§ Exercise aim
With respect to the word "from", report how many lines of the following listing include it. Give nothing but the number.

§ Provided data
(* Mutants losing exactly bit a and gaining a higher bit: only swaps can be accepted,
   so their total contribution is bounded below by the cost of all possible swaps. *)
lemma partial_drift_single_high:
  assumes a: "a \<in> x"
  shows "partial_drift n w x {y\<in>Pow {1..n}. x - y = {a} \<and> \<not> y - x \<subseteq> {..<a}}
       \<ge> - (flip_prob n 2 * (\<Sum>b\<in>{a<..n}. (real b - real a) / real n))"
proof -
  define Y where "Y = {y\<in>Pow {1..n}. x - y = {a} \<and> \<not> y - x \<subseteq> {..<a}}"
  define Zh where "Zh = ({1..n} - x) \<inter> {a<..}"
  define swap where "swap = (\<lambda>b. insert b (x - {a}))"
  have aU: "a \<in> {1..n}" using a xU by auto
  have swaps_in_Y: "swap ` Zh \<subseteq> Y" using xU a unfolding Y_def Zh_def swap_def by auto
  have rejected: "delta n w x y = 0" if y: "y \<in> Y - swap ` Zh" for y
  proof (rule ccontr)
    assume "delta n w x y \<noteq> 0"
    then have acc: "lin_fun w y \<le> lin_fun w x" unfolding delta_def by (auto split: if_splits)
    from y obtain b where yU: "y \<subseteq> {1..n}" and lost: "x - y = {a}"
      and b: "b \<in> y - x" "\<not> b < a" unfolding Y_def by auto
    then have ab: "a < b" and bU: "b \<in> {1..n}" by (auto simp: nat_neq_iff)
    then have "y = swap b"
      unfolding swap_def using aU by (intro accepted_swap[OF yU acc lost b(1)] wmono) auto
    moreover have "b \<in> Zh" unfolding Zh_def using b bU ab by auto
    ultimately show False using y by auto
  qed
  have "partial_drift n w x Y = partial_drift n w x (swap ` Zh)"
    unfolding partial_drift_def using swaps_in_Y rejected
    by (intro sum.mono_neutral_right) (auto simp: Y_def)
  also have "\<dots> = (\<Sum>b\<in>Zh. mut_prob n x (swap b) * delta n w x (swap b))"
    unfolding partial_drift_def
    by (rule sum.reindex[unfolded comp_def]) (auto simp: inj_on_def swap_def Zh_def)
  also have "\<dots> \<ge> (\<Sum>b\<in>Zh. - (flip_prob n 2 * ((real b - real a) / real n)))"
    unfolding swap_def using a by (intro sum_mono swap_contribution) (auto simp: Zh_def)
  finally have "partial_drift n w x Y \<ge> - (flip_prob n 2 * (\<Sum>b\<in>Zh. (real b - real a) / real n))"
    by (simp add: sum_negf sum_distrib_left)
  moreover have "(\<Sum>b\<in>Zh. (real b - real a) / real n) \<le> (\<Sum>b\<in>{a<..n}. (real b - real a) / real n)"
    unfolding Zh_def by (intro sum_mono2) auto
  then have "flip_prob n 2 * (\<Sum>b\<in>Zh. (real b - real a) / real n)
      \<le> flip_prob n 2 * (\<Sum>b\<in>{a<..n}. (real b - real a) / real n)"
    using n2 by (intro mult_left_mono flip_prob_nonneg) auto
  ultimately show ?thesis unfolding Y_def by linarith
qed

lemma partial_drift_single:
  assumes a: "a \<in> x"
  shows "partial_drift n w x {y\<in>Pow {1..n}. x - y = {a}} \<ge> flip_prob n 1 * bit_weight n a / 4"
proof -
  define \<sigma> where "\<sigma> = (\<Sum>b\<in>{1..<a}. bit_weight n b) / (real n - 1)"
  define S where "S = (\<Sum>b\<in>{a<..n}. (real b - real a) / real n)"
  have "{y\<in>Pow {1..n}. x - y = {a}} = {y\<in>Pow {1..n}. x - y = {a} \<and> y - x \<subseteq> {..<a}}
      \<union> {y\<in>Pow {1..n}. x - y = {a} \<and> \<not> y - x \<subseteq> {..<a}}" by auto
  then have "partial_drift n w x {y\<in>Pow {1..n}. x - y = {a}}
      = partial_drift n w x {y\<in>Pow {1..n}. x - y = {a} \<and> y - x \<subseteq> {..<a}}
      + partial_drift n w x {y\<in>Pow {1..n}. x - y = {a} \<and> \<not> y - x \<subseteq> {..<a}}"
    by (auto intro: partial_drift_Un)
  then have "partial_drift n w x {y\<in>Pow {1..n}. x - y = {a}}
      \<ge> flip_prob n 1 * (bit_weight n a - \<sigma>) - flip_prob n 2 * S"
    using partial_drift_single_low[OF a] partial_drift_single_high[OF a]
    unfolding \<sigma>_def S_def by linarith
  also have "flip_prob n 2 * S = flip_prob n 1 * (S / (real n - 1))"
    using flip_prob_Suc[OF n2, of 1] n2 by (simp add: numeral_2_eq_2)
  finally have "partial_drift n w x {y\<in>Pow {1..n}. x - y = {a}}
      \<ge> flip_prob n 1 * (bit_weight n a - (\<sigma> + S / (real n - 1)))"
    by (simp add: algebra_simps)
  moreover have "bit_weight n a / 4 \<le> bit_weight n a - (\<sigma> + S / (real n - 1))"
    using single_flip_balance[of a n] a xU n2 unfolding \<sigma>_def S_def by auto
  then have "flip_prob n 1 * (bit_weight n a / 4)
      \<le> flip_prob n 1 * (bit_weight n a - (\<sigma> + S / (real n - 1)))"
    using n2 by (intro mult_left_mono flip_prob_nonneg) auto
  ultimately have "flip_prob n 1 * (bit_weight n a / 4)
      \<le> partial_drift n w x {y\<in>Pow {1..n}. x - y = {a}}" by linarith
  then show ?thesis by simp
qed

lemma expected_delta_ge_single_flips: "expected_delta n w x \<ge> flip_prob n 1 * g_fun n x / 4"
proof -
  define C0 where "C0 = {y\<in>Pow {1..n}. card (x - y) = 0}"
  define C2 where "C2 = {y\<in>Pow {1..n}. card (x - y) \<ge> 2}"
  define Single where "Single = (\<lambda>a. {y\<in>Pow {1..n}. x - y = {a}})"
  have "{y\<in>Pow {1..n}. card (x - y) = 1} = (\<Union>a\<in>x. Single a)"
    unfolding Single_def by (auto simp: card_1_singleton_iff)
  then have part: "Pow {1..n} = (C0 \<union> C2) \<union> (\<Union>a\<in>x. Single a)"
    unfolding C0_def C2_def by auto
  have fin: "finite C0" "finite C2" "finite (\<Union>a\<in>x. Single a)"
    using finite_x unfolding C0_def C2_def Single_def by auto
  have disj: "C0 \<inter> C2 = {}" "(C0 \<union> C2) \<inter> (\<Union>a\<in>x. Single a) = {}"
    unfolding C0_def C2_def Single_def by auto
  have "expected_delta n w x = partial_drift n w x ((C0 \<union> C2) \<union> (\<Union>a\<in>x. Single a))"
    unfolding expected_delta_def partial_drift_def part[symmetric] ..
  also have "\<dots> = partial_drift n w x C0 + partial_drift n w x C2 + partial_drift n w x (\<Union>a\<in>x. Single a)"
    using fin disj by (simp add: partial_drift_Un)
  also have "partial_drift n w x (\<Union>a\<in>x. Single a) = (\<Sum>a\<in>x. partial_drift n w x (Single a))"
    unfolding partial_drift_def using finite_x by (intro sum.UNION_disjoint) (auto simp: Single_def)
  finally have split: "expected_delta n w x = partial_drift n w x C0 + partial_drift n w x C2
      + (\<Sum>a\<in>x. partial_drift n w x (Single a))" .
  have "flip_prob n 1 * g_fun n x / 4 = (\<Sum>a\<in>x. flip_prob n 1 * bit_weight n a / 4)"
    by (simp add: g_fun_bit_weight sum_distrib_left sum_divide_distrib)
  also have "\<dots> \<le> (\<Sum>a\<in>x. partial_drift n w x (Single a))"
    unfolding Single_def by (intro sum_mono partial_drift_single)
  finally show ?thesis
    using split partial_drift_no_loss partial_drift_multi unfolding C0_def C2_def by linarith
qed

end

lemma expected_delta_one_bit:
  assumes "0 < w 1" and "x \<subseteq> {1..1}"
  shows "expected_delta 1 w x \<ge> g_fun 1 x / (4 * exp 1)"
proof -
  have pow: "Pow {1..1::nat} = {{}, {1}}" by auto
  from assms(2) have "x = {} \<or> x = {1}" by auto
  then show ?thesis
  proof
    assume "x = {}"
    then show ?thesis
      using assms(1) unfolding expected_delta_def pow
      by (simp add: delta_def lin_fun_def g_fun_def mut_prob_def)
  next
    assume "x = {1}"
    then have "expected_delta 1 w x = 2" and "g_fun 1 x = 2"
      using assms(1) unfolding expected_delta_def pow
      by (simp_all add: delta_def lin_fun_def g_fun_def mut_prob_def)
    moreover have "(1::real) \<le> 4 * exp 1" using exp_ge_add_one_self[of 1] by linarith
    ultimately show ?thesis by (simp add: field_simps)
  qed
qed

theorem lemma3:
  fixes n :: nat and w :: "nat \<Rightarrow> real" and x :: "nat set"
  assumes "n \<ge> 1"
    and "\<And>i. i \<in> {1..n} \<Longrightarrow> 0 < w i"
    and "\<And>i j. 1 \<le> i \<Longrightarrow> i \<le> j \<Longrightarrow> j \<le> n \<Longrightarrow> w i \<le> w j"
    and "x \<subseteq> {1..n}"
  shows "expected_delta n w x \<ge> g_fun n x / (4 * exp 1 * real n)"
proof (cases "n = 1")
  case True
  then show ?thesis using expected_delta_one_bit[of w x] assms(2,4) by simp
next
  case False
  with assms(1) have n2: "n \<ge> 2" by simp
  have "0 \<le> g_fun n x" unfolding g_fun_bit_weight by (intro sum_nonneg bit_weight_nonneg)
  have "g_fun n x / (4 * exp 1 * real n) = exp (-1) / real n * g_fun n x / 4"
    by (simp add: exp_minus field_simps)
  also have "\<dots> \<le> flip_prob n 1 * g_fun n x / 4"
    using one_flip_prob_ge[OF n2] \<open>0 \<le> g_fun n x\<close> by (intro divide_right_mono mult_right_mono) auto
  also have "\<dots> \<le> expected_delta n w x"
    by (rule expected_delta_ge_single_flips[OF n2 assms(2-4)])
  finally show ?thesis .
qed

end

§ Exercise solution
2